• **Task directions**
Please print only the top portion of the entries below, ending with the line that contains "ka) \<notin> T", exactly as written.

Stored items
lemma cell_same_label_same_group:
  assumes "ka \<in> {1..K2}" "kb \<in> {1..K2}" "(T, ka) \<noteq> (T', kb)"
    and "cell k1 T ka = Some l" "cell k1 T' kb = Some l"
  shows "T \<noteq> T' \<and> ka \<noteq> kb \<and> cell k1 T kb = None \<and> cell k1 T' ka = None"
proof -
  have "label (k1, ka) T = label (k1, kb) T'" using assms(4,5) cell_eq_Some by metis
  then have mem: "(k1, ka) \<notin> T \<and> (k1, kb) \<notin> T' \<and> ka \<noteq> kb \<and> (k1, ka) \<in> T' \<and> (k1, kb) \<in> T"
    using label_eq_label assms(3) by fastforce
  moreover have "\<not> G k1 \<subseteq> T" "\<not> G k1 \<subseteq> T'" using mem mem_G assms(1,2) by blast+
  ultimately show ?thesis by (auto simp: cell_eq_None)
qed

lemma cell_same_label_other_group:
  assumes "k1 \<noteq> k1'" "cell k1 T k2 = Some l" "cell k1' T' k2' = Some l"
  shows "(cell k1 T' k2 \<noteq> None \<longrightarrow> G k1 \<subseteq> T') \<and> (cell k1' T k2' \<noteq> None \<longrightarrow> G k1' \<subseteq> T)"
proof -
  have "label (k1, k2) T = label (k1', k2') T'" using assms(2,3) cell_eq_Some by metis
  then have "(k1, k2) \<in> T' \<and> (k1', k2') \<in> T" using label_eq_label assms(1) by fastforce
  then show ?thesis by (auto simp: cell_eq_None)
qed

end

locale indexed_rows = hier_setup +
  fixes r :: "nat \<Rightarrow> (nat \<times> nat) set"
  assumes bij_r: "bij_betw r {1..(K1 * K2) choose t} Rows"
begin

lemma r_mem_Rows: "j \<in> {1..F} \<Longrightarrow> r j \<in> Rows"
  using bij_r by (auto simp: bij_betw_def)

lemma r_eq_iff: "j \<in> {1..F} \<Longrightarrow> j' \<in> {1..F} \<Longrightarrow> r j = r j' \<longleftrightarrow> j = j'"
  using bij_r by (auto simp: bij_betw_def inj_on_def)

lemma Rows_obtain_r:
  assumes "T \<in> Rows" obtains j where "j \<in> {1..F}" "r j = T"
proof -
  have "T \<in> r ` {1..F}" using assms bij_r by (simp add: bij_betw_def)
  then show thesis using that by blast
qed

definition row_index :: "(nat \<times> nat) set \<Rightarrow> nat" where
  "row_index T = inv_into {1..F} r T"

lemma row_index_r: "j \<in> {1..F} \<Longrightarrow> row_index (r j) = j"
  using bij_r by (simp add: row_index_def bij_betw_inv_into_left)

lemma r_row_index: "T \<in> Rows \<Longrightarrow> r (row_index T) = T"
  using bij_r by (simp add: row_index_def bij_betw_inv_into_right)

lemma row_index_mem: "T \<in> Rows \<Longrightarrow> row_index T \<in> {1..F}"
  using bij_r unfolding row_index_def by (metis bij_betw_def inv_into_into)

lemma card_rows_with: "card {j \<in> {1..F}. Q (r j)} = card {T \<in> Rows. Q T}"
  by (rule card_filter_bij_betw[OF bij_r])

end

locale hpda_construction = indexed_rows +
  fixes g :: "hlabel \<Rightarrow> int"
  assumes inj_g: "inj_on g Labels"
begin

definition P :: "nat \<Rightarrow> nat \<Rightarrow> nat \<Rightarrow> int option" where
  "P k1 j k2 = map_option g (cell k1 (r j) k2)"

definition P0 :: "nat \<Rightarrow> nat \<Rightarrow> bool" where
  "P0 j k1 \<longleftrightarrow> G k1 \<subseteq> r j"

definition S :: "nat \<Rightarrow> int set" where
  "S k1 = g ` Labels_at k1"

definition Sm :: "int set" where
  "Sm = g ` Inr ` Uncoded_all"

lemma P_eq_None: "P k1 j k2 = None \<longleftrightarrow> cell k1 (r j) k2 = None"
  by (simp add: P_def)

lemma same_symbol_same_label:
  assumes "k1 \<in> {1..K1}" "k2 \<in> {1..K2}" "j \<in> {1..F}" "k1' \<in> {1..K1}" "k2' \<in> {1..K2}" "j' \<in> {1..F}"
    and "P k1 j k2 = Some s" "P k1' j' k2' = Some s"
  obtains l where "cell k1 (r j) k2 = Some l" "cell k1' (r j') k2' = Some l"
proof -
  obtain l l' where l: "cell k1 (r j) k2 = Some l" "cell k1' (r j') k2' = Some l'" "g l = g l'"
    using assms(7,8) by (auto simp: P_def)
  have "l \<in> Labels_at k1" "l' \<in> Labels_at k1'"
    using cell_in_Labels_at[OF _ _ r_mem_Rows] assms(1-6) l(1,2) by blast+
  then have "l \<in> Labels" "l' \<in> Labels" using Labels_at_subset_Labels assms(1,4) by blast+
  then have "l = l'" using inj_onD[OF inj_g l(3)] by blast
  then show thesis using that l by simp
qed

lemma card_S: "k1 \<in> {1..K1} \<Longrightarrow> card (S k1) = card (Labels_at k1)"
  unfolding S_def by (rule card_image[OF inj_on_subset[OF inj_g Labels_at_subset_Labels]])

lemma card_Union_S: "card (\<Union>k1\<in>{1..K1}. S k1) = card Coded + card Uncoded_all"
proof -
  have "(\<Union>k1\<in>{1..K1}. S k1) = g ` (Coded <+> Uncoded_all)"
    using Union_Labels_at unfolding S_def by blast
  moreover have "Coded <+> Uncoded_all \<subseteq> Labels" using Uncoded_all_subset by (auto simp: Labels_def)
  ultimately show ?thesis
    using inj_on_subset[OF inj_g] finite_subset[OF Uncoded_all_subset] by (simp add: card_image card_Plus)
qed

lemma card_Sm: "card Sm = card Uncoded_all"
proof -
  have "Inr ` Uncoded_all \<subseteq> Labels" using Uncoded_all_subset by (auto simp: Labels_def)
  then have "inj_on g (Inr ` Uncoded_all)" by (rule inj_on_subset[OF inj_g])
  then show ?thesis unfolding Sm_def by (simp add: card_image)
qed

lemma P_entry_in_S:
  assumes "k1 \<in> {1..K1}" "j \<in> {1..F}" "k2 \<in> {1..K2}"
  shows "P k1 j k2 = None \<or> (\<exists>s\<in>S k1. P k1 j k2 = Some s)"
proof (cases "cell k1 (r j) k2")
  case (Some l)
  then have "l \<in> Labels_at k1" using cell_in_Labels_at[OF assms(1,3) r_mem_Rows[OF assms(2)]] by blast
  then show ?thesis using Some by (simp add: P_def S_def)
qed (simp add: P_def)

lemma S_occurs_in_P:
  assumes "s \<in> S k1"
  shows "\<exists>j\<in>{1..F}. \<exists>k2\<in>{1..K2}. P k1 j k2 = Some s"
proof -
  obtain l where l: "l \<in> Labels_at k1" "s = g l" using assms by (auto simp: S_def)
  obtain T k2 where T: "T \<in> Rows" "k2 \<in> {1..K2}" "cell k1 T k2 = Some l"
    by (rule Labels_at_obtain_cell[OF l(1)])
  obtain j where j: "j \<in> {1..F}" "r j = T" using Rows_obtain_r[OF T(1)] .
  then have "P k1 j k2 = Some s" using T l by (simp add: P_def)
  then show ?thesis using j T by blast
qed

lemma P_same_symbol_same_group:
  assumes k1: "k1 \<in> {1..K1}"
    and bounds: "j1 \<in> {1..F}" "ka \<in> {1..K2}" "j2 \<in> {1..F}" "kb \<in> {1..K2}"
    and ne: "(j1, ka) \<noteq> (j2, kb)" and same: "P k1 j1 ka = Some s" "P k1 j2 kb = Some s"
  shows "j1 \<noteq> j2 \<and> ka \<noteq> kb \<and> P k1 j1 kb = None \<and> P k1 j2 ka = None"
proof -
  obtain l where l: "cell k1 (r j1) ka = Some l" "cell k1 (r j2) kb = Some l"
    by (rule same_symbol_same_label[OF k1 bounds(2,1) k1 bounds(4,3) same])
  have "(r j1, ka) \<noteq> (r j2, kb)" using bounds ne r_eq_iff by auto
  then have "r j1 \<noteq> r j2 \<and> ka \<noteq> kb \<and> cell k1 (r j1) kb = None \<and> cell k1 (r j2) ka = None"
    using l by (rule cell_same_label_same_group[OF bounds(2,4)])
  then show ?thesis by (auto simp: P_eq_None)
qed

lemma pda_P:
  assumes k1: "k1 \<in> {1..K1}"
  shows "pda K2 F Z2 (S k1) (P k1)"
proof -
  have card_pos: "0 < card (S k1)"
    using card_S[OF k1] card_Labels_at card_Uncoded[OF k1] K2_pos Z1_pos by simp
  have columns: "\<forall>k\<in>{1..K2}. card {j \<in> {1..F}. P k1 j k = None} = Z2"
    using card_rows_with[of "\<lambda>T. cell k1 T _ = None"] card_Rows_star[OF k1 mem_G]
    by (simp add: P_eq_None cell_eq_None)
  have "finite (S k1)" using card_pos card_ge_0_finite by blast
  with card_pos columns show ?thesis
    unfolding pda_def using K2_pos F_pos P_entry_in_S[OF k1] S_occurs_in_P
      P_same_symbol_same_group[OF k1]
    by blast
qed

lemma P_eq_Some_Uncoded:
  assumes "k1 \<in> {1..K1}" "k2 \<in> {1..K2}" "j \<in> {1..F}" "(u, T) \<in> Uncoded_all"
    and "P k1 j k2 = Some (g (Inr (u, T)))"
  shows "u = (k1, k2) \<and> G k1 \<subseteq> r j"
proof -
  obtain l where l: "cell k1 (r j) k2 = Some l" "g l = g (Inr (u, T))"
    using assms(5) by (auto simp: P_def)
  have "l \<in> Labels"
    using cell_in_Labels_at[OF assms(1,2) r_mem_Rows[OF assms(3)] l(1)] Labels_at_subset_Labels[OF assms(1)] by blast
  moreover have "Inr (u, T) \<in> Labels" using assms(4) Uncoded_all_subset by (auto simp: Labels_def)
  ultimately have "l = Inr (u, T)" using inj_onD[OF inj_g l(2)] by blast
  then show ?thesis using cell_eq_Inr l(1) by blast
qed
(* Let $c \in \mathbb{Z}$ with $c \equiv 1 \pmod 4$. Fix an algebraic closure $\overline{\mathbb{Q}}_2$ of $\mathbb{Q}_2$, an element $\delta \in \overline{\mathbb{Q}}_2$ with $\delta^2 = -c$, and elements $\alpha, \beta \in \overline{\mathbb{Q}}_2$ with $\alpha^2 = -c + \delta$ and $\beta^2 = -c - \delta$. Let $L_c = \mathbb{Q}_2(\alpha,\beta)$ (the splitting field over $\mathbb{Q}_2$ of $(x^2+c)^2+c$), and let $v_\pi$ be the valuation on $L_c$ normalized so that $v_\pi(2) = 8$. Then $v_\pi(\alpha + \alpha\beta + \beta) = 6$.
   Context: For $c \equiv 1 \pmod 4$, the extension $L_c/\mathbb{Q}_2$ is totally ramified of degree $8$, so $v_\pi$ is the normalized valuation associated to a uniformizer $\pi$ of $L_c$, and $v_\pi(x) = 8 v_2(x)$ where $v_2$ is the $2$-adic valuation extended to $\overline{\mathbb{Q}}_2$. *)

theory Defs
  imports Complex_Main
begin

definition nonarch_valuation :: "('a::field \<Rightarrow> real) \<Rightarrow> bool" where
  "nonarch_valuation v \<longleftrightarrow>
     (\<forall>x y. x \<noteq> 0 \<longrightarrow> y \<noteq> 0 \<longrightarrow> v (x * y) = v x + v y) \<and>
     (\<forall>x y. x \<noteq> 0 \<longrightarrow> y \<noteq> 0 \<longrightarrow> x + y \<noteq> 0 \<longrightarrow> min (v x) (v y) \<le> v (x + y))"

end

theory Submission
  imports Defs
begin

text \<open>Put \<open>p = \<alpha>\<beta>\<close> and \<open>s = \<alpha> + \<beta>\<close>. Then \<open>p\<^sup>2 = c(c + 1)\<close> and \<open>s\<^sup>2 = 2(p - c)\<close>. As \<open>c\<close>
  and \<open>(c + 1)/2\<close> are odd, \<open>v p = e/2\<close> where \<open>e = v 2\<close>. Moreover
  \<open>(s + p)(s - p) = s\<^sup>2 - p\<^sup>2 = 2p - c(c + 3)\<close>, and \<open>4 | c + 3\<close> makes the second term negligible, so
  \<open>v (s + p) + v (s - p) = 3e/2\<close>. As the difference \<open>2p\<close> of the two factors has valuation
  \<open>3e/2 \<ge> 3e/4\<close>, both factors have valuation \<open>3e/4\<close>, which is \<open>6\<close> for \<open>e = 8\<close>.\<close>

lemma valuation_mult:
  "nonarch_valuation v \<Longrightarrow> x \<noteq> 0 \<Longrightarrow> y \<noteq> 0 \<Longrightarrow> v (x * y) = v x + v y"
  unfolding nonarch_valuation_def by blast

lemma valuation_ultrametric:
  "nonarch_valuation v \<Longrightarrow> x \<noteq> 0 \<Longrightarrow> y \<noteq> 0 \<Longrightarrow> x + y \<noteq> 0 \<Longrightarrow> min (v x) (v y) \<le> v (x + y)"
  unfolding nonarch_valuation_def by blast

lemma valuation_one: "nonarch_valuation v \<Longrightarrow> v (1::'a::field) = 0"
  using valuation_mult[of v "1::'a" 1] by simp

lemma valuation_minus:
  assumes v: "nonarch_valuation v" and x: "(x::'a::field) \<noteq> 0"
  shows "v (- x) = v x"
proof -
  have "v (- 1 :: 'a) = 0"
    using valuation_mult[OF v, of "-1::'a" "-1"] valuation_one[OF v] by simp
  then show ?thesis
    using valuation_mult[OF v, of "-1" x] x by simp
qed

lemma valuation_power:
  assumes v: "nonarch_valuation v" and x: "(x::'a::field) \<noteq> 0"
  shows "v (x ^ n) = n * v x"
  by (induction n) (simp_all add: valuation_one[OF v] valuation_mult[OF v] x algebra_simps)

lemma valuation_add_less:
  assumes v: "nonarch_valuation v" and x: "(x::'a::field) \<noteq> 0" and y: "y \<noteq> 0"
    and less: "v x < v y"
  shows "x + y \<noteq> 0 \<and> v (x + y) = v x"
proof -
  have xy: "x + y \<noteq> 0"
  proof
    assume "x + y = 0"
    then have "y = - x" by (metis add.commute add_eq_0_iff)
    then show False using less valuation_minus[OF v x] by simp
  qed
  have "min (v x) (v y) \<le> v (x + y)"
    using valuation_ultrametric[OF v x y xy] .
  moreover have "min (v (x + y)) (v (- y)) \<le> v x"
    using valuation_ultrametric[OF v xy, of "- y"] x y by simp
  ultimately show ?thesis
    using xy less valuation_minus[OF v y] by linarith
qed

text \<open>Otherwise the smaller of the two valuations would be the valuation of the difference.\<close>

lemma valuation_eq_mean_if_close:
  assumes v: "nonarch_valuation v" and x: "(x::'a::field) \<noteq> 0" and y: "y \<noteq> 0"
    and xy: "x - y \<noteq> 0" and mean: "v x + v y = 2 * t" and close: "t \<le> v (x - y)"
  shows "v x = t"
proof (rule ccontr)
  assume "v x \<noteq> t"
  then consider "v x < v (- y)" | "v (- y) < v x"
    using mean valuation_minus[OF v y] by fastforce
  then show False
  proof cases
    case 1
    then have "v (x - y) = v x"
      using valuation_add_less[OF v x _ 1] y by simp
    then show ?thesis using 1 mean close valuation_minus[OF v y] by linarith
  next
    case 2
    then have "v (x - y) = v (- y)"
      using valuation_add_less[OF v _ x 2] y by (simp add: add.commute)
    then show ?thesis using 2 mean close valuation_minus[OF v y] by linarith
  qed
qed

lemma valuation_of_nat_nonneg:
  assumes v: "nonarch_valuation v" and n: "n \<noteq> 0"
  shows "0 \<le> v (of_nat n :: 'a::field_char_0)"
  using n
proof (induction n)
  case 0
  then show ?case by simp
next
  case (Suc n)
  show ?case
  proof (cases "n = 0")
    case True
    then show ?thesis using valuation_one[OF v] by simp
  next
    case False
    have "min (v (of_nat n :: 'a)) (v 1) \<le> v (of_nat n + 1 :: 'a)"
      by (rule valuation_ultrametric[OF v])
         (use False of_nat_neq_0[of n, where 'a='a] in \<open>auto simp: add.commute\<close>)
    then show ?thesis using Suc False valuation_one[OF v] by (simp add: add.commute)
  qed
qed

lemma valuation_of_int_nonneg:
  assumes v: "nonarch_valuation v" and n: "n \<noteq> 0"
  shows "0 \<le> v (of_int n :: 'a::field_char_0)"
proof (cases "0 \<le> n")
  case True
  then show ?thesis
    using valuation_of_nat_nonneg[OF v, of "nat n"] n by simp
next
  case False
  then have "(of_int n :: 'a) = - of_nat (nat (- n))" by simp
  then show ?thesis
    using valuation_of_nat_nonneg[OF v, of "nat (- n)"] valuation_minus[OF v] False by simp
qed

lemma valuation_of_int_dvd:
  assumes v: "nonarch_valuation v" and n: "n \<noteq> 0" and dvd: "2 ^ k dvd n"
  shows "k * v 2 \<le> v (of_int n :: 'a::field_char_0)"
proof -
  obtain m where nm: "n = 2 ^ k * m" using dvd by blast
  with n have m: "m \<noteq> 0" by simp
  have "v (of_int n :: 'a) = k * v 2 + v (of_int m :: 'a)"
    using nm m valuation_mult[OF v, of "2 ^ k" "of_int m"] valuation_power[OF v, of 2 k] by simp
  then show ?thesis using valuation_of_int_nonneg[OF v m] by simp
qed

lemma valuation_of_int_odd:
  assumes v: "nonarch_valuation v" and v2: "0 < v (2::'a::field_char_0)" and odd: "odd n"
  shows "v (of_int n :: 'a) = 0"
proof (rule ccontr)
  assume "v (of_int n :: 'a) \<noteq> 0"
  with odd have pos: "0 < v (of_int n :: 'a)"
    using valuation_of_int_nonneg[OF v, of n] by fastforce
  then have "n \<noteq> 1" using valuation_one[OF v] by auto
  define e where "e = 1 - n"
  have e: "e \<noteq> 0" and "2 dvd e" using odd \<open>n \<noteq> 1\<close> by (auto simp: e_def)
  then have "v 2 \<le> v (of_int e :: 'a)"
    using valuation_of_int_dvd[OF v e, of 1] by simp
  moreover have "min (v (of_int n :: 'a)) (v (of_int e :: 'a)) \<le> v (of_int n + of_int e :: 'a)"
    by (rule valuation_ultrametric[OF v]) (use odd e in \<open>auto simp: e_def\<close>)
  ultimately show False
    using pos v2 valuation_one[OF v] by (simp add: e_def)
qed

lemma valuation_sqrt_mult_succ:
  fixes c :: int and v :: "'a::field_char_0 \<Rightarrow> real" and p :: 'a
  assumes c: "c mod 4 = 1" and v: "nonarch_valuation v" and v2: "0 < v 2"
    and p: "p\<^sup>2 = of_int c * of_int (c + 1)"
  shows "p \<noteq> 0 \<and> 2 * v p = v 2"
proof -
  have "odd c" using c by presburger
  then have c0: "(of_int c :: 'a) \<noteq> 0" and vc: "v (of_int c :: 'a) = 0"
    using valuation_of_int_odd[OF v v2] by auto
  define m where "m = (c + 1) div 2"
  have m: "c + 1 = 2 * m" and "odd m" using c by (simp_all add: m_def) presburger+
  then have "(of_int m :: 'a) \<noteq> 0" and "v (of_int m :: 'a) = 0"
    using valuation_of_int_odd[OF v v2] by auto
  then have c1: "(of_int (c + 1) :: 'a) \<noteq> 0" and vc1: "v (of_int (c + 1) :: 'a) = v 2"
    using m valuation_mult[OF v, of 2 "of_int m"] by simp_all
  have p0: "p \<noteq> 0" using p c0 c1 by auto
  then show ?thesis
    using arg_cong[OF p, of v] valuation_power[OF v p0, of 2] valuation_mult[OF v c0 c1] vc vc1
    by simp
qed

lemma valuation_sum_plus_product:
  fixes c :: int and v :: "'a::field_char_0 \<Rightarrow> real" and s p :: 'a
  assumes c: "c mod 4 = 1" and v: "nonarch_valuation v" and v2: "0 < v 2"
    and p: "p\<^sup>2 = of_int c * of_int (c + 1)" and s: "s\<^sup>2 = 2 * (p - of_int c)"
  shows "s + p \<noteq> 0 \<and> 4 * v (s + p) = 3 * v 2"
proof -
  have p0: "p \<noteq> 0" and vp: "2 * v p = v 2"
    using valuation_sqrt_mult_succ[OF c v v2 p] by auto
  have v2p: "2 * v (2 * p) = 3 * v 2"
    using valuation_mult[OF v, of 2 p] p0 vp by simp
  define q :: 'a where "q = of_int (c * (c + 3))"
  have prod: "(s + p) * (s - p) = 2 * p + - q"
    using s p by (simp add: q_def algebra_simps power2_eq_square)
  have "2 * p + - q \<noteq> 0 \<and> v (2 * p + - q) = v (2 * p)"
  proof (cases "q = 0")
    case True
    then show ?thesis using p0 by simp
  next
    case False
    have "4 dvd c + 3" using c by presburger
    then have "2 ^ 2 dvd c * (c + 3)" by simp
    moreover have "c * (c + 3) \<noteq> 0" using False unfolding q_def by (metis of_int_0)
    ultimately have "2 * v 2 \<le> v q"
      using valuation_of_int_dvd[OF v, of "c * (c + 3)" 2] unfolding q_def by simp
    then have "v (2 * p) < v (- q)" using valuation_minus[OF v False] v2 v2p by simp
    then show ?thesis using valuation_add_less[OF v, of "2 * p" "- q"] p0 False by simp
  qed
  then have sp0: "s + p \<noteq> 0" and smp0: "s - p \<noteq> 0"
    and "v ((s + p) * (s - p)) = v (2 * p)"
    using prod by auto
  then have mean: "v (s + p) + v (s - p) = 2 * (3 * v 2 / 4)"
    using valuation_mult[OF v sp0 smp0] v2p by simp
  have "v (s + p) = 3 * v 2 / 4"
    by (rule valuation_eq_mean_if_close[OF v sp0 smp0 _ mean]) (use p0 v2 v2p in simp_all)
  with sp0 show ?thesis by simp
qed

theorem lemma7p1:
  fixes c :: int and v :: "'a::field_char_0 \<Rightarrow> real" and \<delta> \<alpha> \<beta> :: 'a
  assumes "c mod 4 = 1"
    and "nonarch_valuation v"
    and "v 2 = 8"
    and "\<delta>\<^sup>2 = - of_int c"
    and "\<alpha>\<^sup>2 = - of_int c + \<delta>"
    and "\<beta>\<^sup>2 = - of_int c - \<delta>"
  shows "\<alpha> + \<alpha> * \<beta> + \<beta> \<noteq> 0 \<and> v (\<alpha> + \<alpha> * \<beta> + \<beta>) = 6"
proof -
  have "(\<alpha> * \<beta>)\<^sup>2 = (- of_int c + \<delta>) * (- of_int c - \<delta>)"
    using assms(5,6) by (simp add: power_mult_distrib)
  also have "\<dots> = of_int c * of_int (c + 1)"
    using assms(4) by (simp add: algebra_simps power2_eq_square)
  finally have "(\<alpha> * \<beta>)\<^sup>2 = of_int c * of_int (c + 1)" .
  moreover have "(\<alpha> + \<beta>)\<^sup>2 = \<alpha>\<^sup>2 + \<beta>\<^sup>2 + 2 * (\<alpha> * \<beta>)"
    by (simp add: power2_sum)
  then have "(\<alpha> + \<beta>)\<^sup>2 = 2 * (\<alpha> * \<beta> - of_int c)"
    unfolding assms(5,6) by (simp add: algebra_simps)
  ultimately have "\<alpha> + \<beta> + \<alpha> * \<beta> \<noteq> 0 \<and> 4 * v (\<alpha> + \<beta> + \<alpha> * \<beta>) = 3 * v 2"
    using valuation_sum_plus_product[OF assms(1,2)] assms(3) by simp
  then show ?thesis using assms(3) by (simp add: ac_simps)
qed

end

• **Written response**
lemma cell_same_label_same_group:
  assumes "ka \<in> {1..K2}" "kb \<in> {1..K2}" "(T, ka) \<noteq> (T', kb)"
    and "cell k1 T ka = Some l" "cell k1 T' kb = Some l"
  shows "T \<noteq> T' \<and> ka \<noteq> kb \<and> cell k1 T kb = None \<and> cell k1 T' ka = None"
proof -
  have "label (k1, ka) T = label (k1, kb) T'" using assms(4,5) cell_eq_Some by metis
  then have mem: "(k1, ka) \<notin> T \<and> (k1, kb) \<notin> T' \<and> ka \<noteq> kb \<and> (k1, ka) \<in> T' \<and> (k1, kb) \<in> T"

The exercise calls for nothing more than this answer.